0704. Binary Search

Easy | Array + Binary Search | 228 ms (91.88%), 15.5 MB (68.27%)

❓ Problem Statement

Source: LeetCode - Binary Search GitHub: Solution / Performance

Given an array of integers nums which is sorted in ascending order, and an integer target, write a function to search target in nums. If target exists, then return its index. Otherwise, return -1.

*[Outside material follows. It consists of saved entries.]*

definition inner_binomials :: "cell set \<Rightarrow> 'k::comm_ring_1 lpoly set" where
  "inner_binomials P = {var a * var b - var (fst a, snd b) * var (fst b, snd a) | a b.
                          inner_interval P a b}"

definition polyomino_ideal :: "cell set \<Rightarrow> 'k::comm_ring_1 lpoly set" where
  "polyomino_ideal P = {p. \<exists>G c. finite G \<and> G \<subseteq> inner_binomials P \<and>
                              (\<forall>g\<in>G. c g \<in> S_ring P) \<and> p = (\<Sum>g\<in>G. c g * g)}"

(* f is a zerodivisor of S/I: some element of S not in I is killed by f modulo I *)
definition zerodivisor_mod :: "'k::comm_ring_1 lpoly set \<Rightarrow> 'k lpoly set \<Rightarrow> 'k lpoly \<Rightarrow> bool" where
  "zerodivisor_mod R I f \<longleftrightarrow> (\<exists>g\<in>R. g \<notin> I \<and> f * g \<in> I)"

definition h_edge :: "cell set \<Rightarrow> point \<Rightarrow> bool" where  (* segment (t,j)-(t+1,j) *)
  "h_edge P p \<longleftrightarrow> p \<in> P \<or> (snd p > 0 \<and> (fst p, snd p - 1) \<in> P)"

definition v_edge :: "cell set \<Rightarrow> point \<Rightarrow> bool" where  (* segment (i,t)-(i,t+1) *)
  "v_edge P p \<longleftrightarrow> p \<in> P \<or> (fst p > 0 \<and> (fst p - 1, snd p) \<in> P)"

definition h_edge_interval :: "cell set \<Rightarrow> point set \<Rightarrow> bool" where
  "h_edge_interval P E \<longleftrightarrow> (\<exists>i k j. i \<le> k \<and> E = {(t, j) | t. i \<le> t \<and> t \<le> k} \<and>
       (\<forall>t. i \<le> t \<and> t < k \<longrightarrow> h_edge P (t, j)))"

definition v_edge_interval :: "cell set \<Rightarrow> point set \<Rightarrow> bool" where
  "v_edge_interval P E \<longleftrightarrow> (\<exists>i j k. j \<le> k \<and> E = {(i, t) | t. j \<le> t \<and> t \<le> k} \<and>
       (\<forall>t. j \<le> t \<and> t < k \<longrightarrow> v_edge P (i, t)))"

definition on_common_edge_interval :: "cell set \<Rightarrow> point \<Rightarrow> point \<Rightarrow> bool" where
  "on_common_edge_interval P p q \<longleftrightarrow>
     (\<exists>E. (h_edge_interval P E \<or> v_edge_interval P E) \<and> p \<in> E \<and> q \<in> E)"

(* Zig-zag walk I_1..I_l; interval I_i is given by its diagonal corners Ia i, Ib i;
   v, z, u are the corner labellings, indices 1..l, with v (l+1) = v 1. *)
definition zigzag_walk :: "cell set \<Rightarrow> nat \<Rightarrow> (nat \<Rightarrow> point) \<Rightarrow> (nat \<Rightarrow> point) \<Rightarrow>
     (nat \<Rightarrow> point) \<Rightarrow> (nat \<Rightarrow> point) \<Rightarrow> (nat \<Rightarrow> point) \<Rightarrow> bool" where
  "zigzag_walk P l Ia Ib v z u \<longleftrightarrow>
     1 \<le> l \<and>
     (\<forall>i\<in>{1..l}. inner_interval P (Ia i) (Ib i)) \<and>
     (\<forall>i\<in>{1..l}. \<forall>j\<in>{1..l}. i \<noteq> j \<longrightarrow> (Ia i, Ib i) \<noteq> (Ia j, Ib j)) \<and>
     (\<forall>i\<in>{1..l}.
        ({v i, z i} = diag_corners (Ia i) (Ib i) \<and> {u i, v (i+1)} = antidiag_corners (Ia i) (Ib i)) \<or>
        ({v i, z i} = antidiag_corners (Ia i) (Ib i) \<and> {u i, v (i+1)} = diag_corners (Ia i) (Ib i))) \<and>
     \<comment> \<open>(Z1)\<close>
     interval_pts (Ia 1) (Ib 1) \<inter> interval_pts (Ia l) (Ib l) = {v 1} \<and> {v 1} = {v (l+1)} \<and>
     (\<forall>i. 1 \<le> i \<and> i \<le> l - 1 \<longrightarrow>
        interval_pts (Ia i) (Ib i) \<inter> interval_pts (Ia (i+1)) (Ib (i+1)) = {v (i+1)}) \<and>
     \<comment> \<open>(Z2)\<close>
     (\<forall>i\<in>{1..l}. on_common_edge_interval P (v i) (v (i+1))) \<and>
     \<comment> \<open>(Z3)\<close>
     (\<forall>i\<in>{1..l}. \<forall>j\<in>{1..l}. i \<noteq> j \<longrightarrow>
        \<not> (\<exists>a b. inner_interval P a b \<and> z i \<in> interval_pts a b \<and> z j \<in> interval_pts a b))"

definition f_walk :: "nat \<Rightarrow> (nat \<Rightarrow> point) \<Rightarrow> (nat \<Rightarrow> point) \<Rightarrow> 'k::comm_ring_1 lpoly" where
  "f_walk l z u = (\<Prod>k=1..l. var (z k)) - (\<Prod>j=1..l. var (u j))"

end

theory Submission
  imports Defs
begin

(* Each interval I_k of the walk contributes the binomial x_{v_k} x_{z_k} - x_{u_k} x_{v_{k+1}}
   (up to sign) to I_P. Telescoping these binomials once around the closed walk, starting and
   ending at v_i, gives x_{v_i} f_W in I_P. Neither factor lies in I_P: every monomial of an element
   of I_P is divisible by x_a x_b or x_c x_d for some inner interval [a,b] with anti-diagonal
   corners c, d. The linear monomial x_v is not, and by (Z3) neither is the monomial prod_k x_{z_k},
   which occurs in f_W because u_1 is none of the z_k. *)

lemma S_ring_add: "p \<in> S_ring P \<Longrightarrow> q \<in> S_ring P \<Longrightarrow> p + q \<in> S_ring P"
  using keys_add[of p q] unfolding S_ring_def by blast

lemma S_ring_diff: "p \<in> S_ring P \<Longrightarrow> q \<in> S_ring P \<Longrightarrow> p - q \<in> S_ring P"
  using keys_diff[of p q] unfolding S_ring_def by blast

lemma S_ring_mult:
  assumes "p \<in> S_ring P" "q \<in> S_ring P"
  shows "p * q \<in> S_ring P"
proof -
  have "Poly_Mapping.keys m \<subseteq> vertex_set P" if m: "m \<in> Poly_Mapping.keys (p * q)" for m
  proof -
    obtain a b where "m = a + b" "a \<in> Poly_Mapping.keys p" "b \<in> Poly_Mapping.keys q"
      using keys_mult m by blast
    then show ?thesis
      using assms keys_add[of a b] unfolding S_ring_def by blast
  qed
  then show ?thesis
    unfolding S_ring_def by blast
qed

lemma S_ring_zero: "0 \<in> S_ring P"
  unfolding S_ring_def by simp

lemma S_ring_one: "1 \<in> S_ring P"
  unfolding S_ring_def by simp

lemma S_ring_prod: "(\<And>k. k \<in> K \<Longrightarrow> f k \<in> S_ring P) \<Longrightarrow> prod f K \<in> S_ring P"
  by (induction K rule: infinite_finite_induct) (auto simp: S_ring_one S_ring_mult)

lemma var_in_S_ring: "w \<in> vertex_set P \<Longrightarrow> var w \<in> S_ring P"
  unfolding S_ring_def var_def by simp

lemma polyomino_ideal_add:
  assumes "p \<in> polyomino_ideal P" "q \<in> polyomino_ideal P"
  shows "p + q \<in> polyomino_ideal P"
proof -
  obtain G c where G: "finite G" "G \<subseteq> inner_binomials P" "\<forall>g\<in>G. c g \<in> S_ring P"
    and p: "p = (\<Sum>g\<in>G. c g * g)"
    using assms(1) unfolding polyomino_ideal_def by blast
  obtain H d where H: "finite H" "H \<subseteq> inner_binomials P" "\<forall>g\<in>H. d g \<in> S_ring P"
    and q: "q = (\<Sum>g\<in>H. d g * g)"
    using assms(2) unfolding polyomino_ideal_def by blast
  define c' where "c' g = (if g \<in> G then c g else 0)" for g
  define d' where "d' g = (if g \<in> H then d g else 0)" for g
  have "(\<Sum>g\<in>G \<union> H. c' g * g) = p"
    unfolding p c'_def by (rule sum.mono_neutral_cong_right) (use G H in auto)
  moreover have "(\<Sum>g\<in>G \<union> H. d' g * g) = q"
    unfolding q d'_def by (rule sum.mono_neutral_cong_right) (use G H in auto)
  ultimately have "p + q = (\<Sum>g\<in>G \<union> H. (c' g + d' g) * g)"
    by (simp add: distrib_right sum.distrib)
  moreover have "c' g + d' g \<in> S_ring P" for g
    using G(3) H(3) S_ring_zero unfolding c'_def d'_def by (intro S_ring_add) auto
  ultimately show ?thesis
    unfolding polyomino_ideal_def
    by (intro CollectI exI[of _ "G \<union> H"] exI[of _ "\<lambda>g. c' g + d' g"]) (use G H in auto)
qed

lemma polyomino_ideal_mult:
  assumes "r \<in> S_ring P" "p \<in> polyomino_ideal P"
  shows "r * p \<in> polyomino_ideal P"
proof -
  obtain G c where G: "finite G" "G \<subseteq> inner_binomials P" "\<forall>g\<in>G. c g \<in> S_ring P"
    and p: "p = (\<Sum>g\<in>G. c g * g)"
    using assms(2) unfolding polyomino_ideal_def by blast
  have "r * p = (\<Sum>g\<in>G. (r * c g) * g)"
    unfolding p by (simp add: sum_distrib_left mult.assoc)
  moreover have "\<forall>g\<in>G. r * c g \<in> S_ring P"
    using G(3) assms(1) by (auto intro: S_ring_mult)
  ultimately show ?thesis
    unfolding polyomino_ideal_def
    by (intro CollectI exI[of _ G] exI[of _ "\<lambda>g. r * c g"]) (use G in auto)
qed

lemma polyomino_ideal_uminus: "p \<in> polyomino_ideal P \<Longrightarrow> - p \<in> polyomino_ideal P"
  using polyomino_ideal_mult[of "- 1"] by (simp add: S_ring_def)

lemma zero_in_polyomino_ideal: "0 \<in> polyomino_ideal P"
  unfolding polyomino_ideal_def by (intro CollectI exI[of _ "{}"]) simp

You must write an algorithm with O(log n) runtime complexity.

✍🏻 Constraints & Example

Constraints:

• 1 <= nums.length <= 10^4

• -10^4 < nums[i], target < 10^4

• All the integers in nums are unique.

• nums is sorted in ascending order.

Input: nums = [-1,0,3,5,9,12], target = 9
Output: 4
Explanation: 9 exists in nums and its index is 4

Input: nums = [-1,0,3,5,9,12], target = 2
Output: -1
Explanation: 2 does not exist in nums so return -1

💡 Ideas

Standard Binary Search Problem.

Boundary / Search Space

Left (Minimum) = 0 Right (Maximum) = len(array) (last element could be the answer)

Condition

While Loop = Left < Right Return = array[mid] == target number

Return Value

Index or -1 (not found)

🤖 Python3

class Solution:
    def search(self, nums: List[int], target: int) -> int:
        # (base case)
        if len(nums) == 1: return 0 if nums[0] == target else -1
        
        # ==================================================
        #  Array + Binary Search                           =
        # ==================================================
        # time  : O(log(n))
        # space : O(1)

        l, r = 0, len(nums)
        while l < r:
            mid = (l + r) // 2
            
            if nums[mid] == target: return mid
            elif nums[mid] > target: r = mid
            elif nums[mid] < target: l = mid + 1
                
        return -1

🤖 Java

class Solution {
    /**
     * @time  : O(log(n))
     * @space : O(1)
     */
    
    public int search(int[] nums, int target) {
        int left = 0, right = nums.length;
        
        while(left < right) {
            int mid = (left + right) / 2;
            
            if(nums[mid] == target) {
                return mid;
                
            } else if(nums[mid] > target) {
                right = mid;
                
            } else if(nums[mid] < target) {
                left = mid + 1;
            }
        }
        
        return -1;
    }
}